Records to use START

(* For every $\xi\in V^*$ and every $a$ one has \[ d\nu^a=(a+1)\psi^{a+1},\qquad \xi\wedge\psi^a=-d\xi_V\wedge\psi^{a-1},\qquad \xi\wedge\nu^a=\xi_V\psi^a-d\xi_V\wedge\nu^{a-1}. \] In particular, with $\kappa_V=\sum_{j=1}^n\mu_{j,V}\otimes\ell_j$ (so that $d\kappa_V=\kappa=\sum_jd\mu_{j,V}\otimes\ell_j$), one has \[ \kappa\wedge\nu^a=\kappa_V\psi^a-d\kappa_V\wedge\nu^{a-1}. \]
   Context: $L$ is a free abelian group of rank $n$ with basis $\ell_1,\dots,\ell_n$, $V=\mathbb{R}\otimes L$, and $\mu_1,\dots,\mu_n$ is the dual basis of $V^*$. For $\xi\in V^*$, $\xi_V$ denotes the corresponding linear function on $V$. Let $\mathcal{A}=\Omega^\cdot(V)\otimes\Lambda^\cdot V^*$ be the graded-commutative differential graded algebra with differential $d(\omega\otimes\eta)=d\omega\otimes\eta$. Let $\theta$ be the derivation of $\mathcal{A}$ of degree $-1$ which vanishes on $\Omega^\cdot(V)$ and sends $\xi\in V^*\subset\Lambda^1V^*$ to $\xi_V$. Let $\Delta:\Lambda^\cdot V^*\to\mathcal{A}$ be the algebra homomorphism with $\Delta(\xi)=d\xi_V+\xi$. Put $\mathrm{vol}=\mu_1\wedge\dots\wedge\mu_n\otimes\ell_1\wedge\dots\wedge\ell_n\in\Lambda^nV^*\otimes\Lambda^nL$ and $\psi=\Delta(\mathrm{vol})=\sum_a\psi^a$ with $\psi^a\in\Omega^a(V)\otimes\Lambda^{n-a}V^*\otimes\Lambda^nL$. Define $\nu^a=\theta(\psi^a)\in\Omega^a(V)\otimes\Lambda^{n-1-a}V^*\otimes\Lambda^nL$, with $\psi^a=\nu^a=0$ for $a<0$. The elements $\ell_j$ are formal coefficients, so $\kappa_V$ is a $\mathrm{Sym}\,L_{\mathbb{R}}$-valued function and $\kappa$ a $\mathrm{Sym}\,L_{\mathbb{R}}$-valued 1-form. *)

theory Defs
  imports "HOL-Analysis.Analysis"
begin

text \<open>
Model of the algebra A = Omega(V) tensor Lambda V^*, with V = R^n, coordinates x_0..x_(n-1)
(the coordinates w.r.t. the basis l_1..l_n; the dual basis mu_j is the coordinate function).
Points of V are represented as functions nat => real (only the first n coordinates matter).
Since A is a graded-commutative tensor product of two exterior algebras (Koszul sign rule),
it is the algebra of smooth functions tensor the exterior algebra on 2n odd generators:
generator i (i < n) is dx_i, generator n + j (j < n) is mu_j in Lambda^1 V^*.
An element of A is given by its coefficient functions: the coefficient of the basis
monomial e_S (product of the generators in S in increasing order) is a function V -> R.
\<close>

type_synonym form = "nat set \<Rightarrow> (nat \<Rightarrow> real) \<Rightarrow> real"

definition inv_count :: "nat set \<Rightarrow> nat set \<Rightarrow> nat" where
  "inv_count S T = card {(s, t). s \<in> S \<and> t \<in> T \<and> t < s}"

text \<open>sign with e_S wedge e_T = ksign S T * e_(S union T) for disjoint S, T\<close>
definition ksign :: "nat set \<Rightarrow> nat set \<Rightarrow> real" where
  "ksign S T = (-1) ^ inv_count S T"

definition fzero :: form where
  "fzero = (\<lambda>S x. 0)"

definition fadd :: "form \<Rightarrow> form \<Rightarrow> form" where
  "fadd a b = (\<lambda>S x. a S x + b S x)"

definition fsub :: "form \<Rightarrow> form \<Rightarrow> form" where
  "fsub a b = (\<lambda>S x. a S x - b S x)"

definition fsmul :: "real \<Rightarrow> form \<Rightarrow> form" where
  "fsmul r a = (\<lambda>S x. r * a S x)"

definition fwedge :: "form \<Rightarrow> form \<Rightarrow> form" where
  "fwedge a b = (\<lambda>S x. \<Sum>T\<in>Pow S. ksign T (S - T) * a T x * b (S - T) x)"

definition fone :: form where
  "fone = (\<lambda>S x. if S = {} then 1 else 0)"

definition fun0 :: "((nat \<Rightarrow> real) \<Rightarrow> real) \<Rightarrow> form" where
  "fun0 f = (\<lambda>S x. if S = {} then f x else 0)"

definition partial_deriv :: "nat \<Rightarrow> ((nat \<Rightarrow> real) \<Rightarrow> real) \<Rightarrow> (nat \<Rightarrow> real) \<Rightarrow> real" where
  "partial_deriv i f x = deriv (\<lambda>t. f (x(i := t))) (x i)"

definition fd :: "nat \<Rightarrow> form \<Rightarrow> form" where
  "fd n a = (\<lambda>S x. \<Sum>i\<in>S \<inter> {..<n}. ksign {i} (S - {i}) * partial_deriv i (a (S - {i})) x)"

text \<open>an element xi = sum_j c_j mu_j of V^*, as an element of Lambda^1 V^* inside A\<close>
definition covec :: "nat \<Rightarrow> (nat \<Rightarrow> real) \<Rightarrow> form" where
  "covec n c = (\<lambda>S x. \<Sum>j<n. if S = {n + j} then c j else 0)"

definition lin_fun :: "nat \<Rightarrow> (nat \<Rightarrow> real) \<Rightarrow> (nat \<Rightarrow> real) \<Rightarrow> real" where
  "lin_fun n c x = (\<Sum>j<n. c j * x j)"

text \<open>the derivation theta of degree -1: zero on Omega(V), mu_j |-> mu_(j,V) = x_j
  (graded derivation, written out on basis monomials)\<close>
definition ftheta :: "nat \<Rightarrow> form \<Rightarrow> form" where
  "ftheta n a = (\<lambda>S x. \<Sum>s\<in>{n..<2*n} - S.
       (-1) ^ card {t\<in>S. t < s} * x (s - n) * a (insert s S) x)"

definition Delta1 :: "nat \<Rightarrow> (nat \<Rightarrow> real) \<Rightarrow> form" where
  "Delta1 n c = fadd (fd n (fun0 (lin_fun n c))) (covec n c)"

definition unitv :: "nat \<Rightarrow> nat \<Rightarrow> real" where
  "unitv j = (\<lambda>k. if k = j then 1 else 0)"

text \<open>psi = Delta(mu_1 wedge ... wedge mu_n) = Delta(mu_1) wedge ... wedge Delta(mu_n)
  (the constant factor l_1 wedge ... wedge l_n in Lambda^n L is omitted)\<close>
definition psi :: "nat \<Rightarrow> form" where
  "psi n = foldr (\<lambda>j acc. fwedge (Delta1 n (unitv j)) acc) [0..<n] fone"

definition omega_part :: "nat \<Rightarrow> int \<Rightarrow> form \<Rightarrow> form" where
  "omega_part n p a = (\<lambda>S x. if int (card (S \<inter> {..<n})) = p then a S x else 0)"

definition psi_part :: "nat \<Rightarrow> int \<Rightarrow> form" where
  "psi_part n a = omega_part n a (psi n)"

definition nu :: "nat \<Rightarrow> int \<Rightarrow> form" where
  "nu n a = ftheta n (psi_part n a)"

text \<open>L-valued elements: j |-> coefficient of l_j (j < n)\<close>
definition kappaV :: "nat \<Rightarrow> nat \<Rightarrow> form" where
  "kappaV n j = (if j < n then fun0 (\<lambda>x. x j) else fzero)"

definition kappa1 :: "nat \<Rightarrow> nat \<Rightarrow> form" where
  "kappa1 n j = (if j < n then covec n (unitv j) else fzero)"

end

theory Submission
  imports Defs
begin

Records to use END

- **Your goal**: Could you find every line in the records above that has the string "covec" and copy it?

- **Output for this exercise**:
definition covec :: "nat \<Rightarrow> (nat \<Rightarrow> real) \<Rightarrow> form" where
  "covec n c = (\<lambda>S x. \<Sum>j<n. if S = {n + j} then c j else 0)"
  "Delta1 n c = fadd (fd n (fun0 (lin_fun n c))) (covec n c)"
  "kappa1 n j = (if j < n then covec n (unitv j) else fzero)"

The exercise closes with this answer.